What is needed: Examine each line of the data. Copy the line if it includes the word "that".

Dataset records
* * * *
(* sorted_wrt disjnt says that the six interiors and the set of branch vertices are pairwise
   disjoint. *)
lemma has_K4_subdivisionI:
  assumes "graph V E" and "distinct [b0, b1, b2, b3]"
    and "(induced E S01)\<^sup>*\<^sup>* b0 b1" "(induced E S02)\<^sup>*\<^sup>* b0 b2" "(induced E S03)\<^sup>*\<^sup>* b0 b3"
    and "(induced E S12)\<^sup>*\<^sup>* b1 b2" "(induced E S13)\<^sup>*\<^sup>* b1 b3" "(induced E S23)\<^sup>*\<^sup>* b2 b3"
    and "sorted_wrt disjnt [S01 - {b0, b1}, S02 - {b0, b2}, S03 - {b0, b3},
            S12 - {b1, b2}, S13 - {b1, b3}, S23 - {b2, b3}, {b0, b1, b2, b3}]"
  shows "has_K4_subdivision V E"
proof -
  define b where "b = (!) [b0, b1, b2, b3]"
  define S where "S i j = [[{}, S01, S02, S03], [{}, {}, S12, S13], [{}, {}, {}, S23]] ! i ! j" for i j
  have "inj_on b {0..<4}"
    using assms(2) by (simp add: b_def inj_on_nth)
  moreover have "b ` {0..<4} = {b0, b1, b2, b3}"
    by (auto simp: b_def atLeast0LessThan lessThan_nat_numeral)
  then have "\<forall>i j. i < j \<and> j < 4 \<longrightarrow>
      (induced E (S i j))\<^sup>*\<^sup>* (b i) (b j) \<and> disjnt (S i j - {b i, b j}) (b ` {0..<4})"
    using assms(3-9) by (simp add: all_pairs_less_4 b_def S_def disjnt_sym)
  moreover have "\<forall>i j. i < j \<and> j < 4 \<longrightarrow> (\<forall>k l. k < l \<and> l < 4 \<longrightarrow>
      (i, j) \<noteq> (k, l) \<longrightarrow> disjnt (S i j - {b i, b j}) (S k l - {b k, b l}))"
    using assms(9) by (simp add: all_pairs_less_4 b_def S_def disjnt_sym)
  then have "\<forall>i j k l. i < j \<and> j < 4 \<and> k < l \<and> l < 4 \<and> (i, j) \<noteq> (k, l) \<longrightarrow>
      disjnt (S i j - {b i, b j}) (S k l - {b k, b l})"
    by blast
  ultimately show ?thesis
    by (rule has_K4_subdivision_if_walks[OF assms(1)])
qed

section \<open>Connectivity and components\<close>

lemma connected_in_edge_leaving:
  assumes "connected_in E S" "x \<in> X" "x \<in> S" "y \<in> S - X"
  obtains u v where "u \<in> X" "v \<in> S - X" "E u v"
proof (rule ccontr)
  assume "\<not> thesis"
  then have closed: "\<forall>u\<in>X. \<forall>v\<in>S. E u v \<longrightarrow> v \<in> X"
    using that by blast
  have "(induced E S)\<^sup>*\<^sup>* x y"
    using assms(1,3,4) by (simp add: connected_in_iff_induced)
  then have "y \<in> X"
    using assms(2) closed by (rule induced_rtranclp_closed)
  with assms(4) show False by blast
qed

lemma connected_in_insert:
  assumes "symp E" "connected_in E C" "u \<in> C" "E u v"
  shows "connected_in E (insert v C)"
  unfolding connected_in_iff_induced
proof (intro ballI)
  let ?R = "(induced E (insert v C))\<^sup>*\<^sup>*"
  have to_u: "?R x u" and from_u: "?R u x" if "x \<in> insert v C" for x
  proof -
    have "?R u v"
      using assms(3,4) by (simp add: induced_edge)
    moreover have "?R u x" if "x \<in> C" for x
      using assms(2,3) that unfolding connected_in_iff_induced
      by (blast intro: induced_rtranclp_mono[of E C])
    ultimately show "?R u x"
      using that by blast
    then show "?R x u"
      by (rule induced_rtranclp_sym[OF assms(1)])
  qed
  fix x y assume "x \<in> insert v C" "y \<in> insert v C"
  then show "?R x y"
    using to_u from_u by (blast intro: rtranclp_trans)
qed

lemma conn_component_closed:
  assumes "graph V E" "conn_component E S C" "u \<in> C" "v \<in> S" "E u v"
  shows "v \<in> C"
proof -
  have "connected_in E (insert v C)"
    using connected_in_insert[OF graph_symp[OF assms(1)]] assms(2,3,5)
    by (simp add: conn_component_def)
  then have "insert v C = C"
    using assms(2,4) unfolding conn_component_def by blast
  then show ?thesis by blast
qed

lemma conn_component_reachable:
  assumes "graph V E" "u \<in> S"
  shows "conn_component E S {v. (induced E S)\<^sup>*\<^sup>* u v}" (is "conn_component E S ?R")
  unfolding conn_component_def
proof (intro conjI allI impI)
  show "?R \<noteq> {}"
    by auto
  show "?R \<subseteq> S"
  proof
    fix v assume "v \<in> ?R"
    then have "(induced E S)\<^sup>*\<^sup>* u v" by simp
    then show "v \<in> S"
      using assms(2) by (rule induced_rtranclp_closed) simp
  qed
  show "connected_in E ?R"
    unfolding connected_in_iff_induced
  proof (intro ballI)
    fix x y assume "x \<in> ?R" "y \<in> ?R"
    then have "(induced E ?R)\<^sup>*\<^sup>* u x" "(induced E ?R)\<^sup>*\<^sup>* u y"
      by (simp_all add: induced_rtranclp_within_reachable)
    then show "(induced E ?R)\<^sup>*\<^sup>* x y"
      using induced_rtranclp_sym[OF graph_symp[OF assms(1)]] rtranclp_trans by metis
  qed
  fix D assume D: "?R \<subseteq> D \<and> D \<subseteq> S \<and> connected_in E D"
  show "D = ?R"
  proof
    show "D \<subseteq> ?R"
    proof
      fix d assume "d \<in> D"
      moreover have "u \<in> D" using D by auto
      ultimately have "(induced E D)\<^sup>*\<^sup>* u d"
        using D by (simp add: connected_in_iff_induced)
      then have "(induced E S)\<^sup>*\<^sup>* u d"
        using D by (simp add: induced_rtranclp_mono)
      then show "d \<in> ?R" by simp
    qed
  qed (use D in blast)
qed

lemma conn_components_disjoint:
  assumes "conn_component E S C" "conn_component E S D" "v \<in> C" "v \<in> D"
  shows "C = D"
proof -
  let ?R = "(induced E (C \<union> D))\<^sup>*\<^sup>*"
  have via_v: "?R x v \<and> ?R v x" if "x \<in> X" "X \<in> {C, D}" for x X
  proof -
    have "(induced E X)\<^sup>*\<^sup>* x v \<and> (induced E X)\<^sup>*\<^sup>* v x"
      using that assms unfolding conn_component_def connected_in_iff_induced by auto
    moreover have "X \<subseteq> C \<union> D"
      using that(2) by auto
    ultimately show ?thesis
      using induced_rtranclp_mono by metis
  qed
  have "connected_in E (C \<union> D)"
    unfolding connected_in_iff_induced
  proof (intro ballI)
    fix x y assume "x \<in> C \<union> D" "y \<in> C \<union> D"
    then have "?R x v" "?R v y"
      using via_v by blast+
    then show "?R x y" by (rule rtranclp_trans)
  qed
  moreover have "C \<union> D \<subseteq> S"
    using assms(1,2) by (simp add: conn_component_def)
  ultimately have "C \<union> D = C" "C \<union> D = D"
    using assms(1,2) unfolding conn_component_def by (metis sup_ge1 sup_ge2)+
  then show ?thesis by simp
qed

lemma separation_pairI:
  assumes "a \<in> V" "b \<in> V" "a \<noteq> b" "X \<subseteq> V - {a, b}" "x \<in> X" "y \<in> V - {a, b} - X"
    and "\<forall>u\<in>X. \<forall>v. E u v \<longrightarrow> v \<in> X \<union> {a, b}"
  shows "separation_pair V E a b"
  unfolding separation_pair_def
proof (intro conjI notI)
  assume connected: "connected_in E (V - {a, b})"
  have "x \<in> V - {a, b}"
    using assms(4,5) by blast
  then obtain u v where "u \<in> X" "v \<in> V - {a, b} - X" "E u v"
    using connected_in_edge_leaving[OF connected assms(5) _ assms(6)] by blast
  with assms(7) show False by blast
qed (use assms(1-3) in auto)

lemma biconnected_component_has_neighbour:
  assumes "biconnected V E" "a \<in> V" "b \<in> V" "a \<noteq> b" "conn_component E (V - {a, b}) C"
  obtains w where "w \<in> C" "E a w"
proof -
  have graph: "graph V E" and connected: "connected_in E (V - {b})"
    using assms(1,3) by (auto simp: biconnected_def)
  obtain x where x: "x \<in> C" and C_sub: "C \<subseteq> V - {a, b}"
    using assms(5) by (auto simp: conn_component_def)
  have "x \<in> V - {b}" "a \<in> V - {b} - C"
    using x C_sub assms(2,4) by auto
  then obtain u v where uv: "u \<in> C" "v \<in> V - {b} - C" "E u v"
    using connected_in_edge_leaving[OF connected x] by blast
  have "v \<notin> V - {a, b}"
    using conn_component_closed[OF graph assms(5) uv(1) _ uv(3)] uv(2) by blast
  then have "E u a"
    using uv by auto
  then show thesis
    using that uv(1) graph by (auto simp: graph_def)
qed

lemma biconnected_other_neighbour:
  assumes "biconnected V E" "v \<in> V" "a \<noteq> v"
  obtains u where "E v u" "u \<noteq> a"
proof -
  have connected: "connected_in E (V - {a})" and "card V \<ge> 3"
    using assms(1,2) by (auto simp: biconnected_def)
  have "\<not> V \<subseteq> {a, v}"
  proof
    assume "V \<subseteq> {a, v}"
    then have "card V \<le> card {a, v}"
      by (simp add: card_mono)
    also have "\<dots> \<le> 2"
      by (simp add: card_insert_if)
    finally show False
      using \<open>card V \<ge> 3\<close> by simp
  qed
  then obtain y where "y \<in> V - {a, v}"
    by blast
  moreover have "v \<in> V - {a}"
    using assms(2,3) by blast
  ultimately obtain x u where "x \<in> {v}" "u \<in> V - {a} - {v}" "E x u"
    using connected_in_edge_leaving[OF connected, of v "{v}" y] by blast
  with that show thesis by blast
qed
* * * *
Written answer:
(* sorted_wrt disjnt says that the six interiors and the set of branch vertices are pairwise
    using that by blast
      using assms(2,3) that unfolding connected_in_iff_induced
      using that by blast
      using that assms unfolding conn_component_def connected_in_iff_induced by auto
      using that(2) by auto
    using that uv(1) graph by (auto simp: graph_def)
  with that show thesis by blast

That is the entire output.